_The task_:
Nothing below is to be printed except the lines between the line holding "V. \<forall>J \<in>" and the line holding "be such that", inclusive, each exactly as it appears.

_Given data_:
━━━━━━━━━━━━━━━━━━━━━━━━━━━━━━
lemma bases_edges_subset: "bases_edges A b \<subseteq> E"
proof
  fix e assume "e \<in> bases_edges A b"
  then obtain I J where IJ: "e = {I, J}" "feasible_basis A b I" "feasible_basis A b J" "I \<noteq> J"
    and adj: "card (I \<inter> J) = n - 1"
    unfolding bases_edges_def using A_carrier by auto
  have fin: "finite I" "finite J" and card_I: "card I = n" and card_J: "card J = n"
    using basisD feasible_basisD(1) IJ(2,3) by auto
  have "I \<noteq> {}"
  proof
    assume "I = {}"
    then have "J = {}" using card_I card_J fin(2) by simp
    with \<open>I = {}\<close> IJ(4) show False by simp
  qed
  then obtain i where i: "I - J = {i}"
    using Diff_eq_singleton_if_card_Int[OF fin(1)] adj card_I by metis
  then have "i \<in> I" and "I - {i} \<subseteq> J" by blast+
  obtain J' where J': "J' \<in> neighbors E I" "I - {i} \<subseteq> J'"
    using neighbor_pivots_out[OF feasible_basis_in_V[OF IJ(2)] \<open>i \<in> I\<close>] by blast
  have "J = J'"
    using pivot_unique[OF IJ(2,3) V_feasible[OF neighborsD(1)[OF J'(1)]] _ neighborsD(2)[OF J'(1)]
        \<open>i \<in> I\<close> \<open>I - {i} \<subseteq> J\<close> J'(2)] IJ(4) by blast
  then show "e \<in> E" using neighborsD(3)[OF J'(1)] IJ(1) by simp
qed

lemma edges_eq: "E = bases_edges A b"
  using edges_subset bases_edges_subset by blast

end

theorem theorem3p5:
  fixes A :: "real mat" and b :: "real vec" and m n :: nat
    and V :: "nat set set" and E :: "nat set set set"
  assumes "A \<in> carrier_mat m n" and "b \<in> carrier_vec m"
    and "is_polytope A b"
    and "nondegenerate A b"
    and "finite V" and "is_graph V E"
    and "\<forall>I \<in> V. I \<subseteq> {0..<m}"
    and "V \<noteq> {}"
    and "\<forall>I \<in> V. feasible_basis A b I"
    and "\<forall>I \<in> V. \<forall>J \<in> neighbors E I. card (I \<inter> J) = n - 1"
    and "\<forall>I \<in> V. card (neighbors E I) = n"
  shows "V = bases_vertices A b \<and> E = bases_edges A b"
proof -
  interpret feasible_basis_graph A b m n V E
    using assms by unfold_locales auto
  show ?thesis using vertices_eq edges_eq by blast
qed
(* Let $\omega\in\mathcal{F}^1(\mathbb{P}^n,e)$ be such that $J=\sqrt{J}$. Then $\mathcal{K}=\mathcal{K}_{set}$; more precisely $K$ equals the (radical) ideal of the Kupka set $\mathcal{K}_{set}$.
   Context: $S=\mathbb{C}[x_0,\ldots,x_n]$, $R=\sum x_i\partial/\partial x_i$. $\mathcal{F}^1(\mathbb{P}^n,e)$ ($e\ge2$) is the set of (classes up to scalar of) $\omega=\sum A_i dx_i$, $A_i\in S$ homogeneous of degree $e-1$, not all zero, with $i_R\omega=0$, $\omega\wedge d\omega=0$ and zero locus $\mathrm{sing}(\omega)\subseteq\mathbb{P}^n$ of codimension $\ge2$. $\mathscr{C}(\eta)$ is the ideal generated by the coefficients of a form $\eta$; $J=\mathscr{C}(\omega)$; $K=(J:\mathscr{C}(d\omega))$ and $\mathcal{K}=\mathrm{Proj}(S/K)$. $\mathcal{K}_{set}$ is the closure in $\mathbb{P}^n$ of the set of points $p\in\mathrm{sing}(\omega)$ with $d\omega(p)\ne0$. *)

theory Defs
  imports Complex_Main "HOL-Library.Poly_Mapping"
begin

text \<open>Polynomials in the variables x_i, i ranging over a finite type 'n with CARD('n) = n+1,
  with complex coefficients: S = C[x_0,...,x_n].  Monomials are poly_mappings from variables to exponents.\<close>

type_synonym 'n mpoly = "('n \<Rightarrow>\<^sub>0 nat) \<Rightarrow>\<^sub>0 complex"

definition mvar :: "'n \<Rightarrow> 'n mpoly" where
  "mvar i = Poly_Mapping.single (Poly_Mapping.single i 1) 1"

definition mdeg :: "('n::finite \<Rightarrow>\<^sub>0 nat) \<Rightarrow> nat" where
  "mdeg m = (\<Sum>i\<in>UNIV. Poly_Mapping.lookup m i)"

definition homogeneous :: "nat \<Rightarrow> 'n::finite mpoly \<Rightarrow> bool" where
  "homogeneous d p \<longleftrightarrow> (\<forall>m\<in>Poly_Mapping.keys p. mdeg m = d)"

definition meval :: "'n::finite mpoly \<Rightarrow> ('n \<Rightarrow> complex) \<Rightarrow> complex" where
  "meval p x = (\<Sum>m\<in>Poly_Mapping.keys p. Poly_Mapping.lookup p m * (\<Prod>i\<in>UNIV. x i ^ Poly_Mapping.lookup m i))"

definition mpderiv :: "'n \<Rightarrow> 'n mpoly \<Rightarrow> 'n mpoly" where
  "mpderiv i p = (\<Sum>m\<in>Poly_Mapping.keys p.
      Poly_Mapping.single (m - Poly_Mapping.single i 1) (Poly_Mapping.lookup p m * of_nat (Poly_Mapping.lookup m i)))"

definition is_ideal :: "'n mpoly set \<Rightarrow> bool" where
  "is_ideal I \<longleftrightarrow> 0 \<in> I \<and> (\<forall>f\<in>I. \<forall>g\<in>I. f + g \<in> I) \<and> (\<forall>f\<in>I. \<forall>h. h * f \<in> I)"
━━━━━━━━━━━━━━━━━━━━━━━━━━━━━━
_Output for this task_:
    and "\<forall>I \<in> V. \<forall>J \<in> neighbors E I. card (I \<inter> J) = n - 1"
    and "\<forall>I \<in> V. card (neighbors E I) = n"
  shows "V = bases_vertices A b \<and> E = bases_edges A b"
proof -
  interpret feasible_basis_graph A b m n V E
    using assms by unfold_locales auto
  show ?thesis using vertices_eq edges_eq by blast
qed
(* Let $\omega\in\mathcal{F}^1(\mathbb{P}^n,e)$ be such that $J=\sqrt{J}$. Then $\mathcal{K}=\mathcal{K}_{set}$; more precisely $K$ equals the (radical) ideal of the Kupka set $\mathcal{K}_{set}$.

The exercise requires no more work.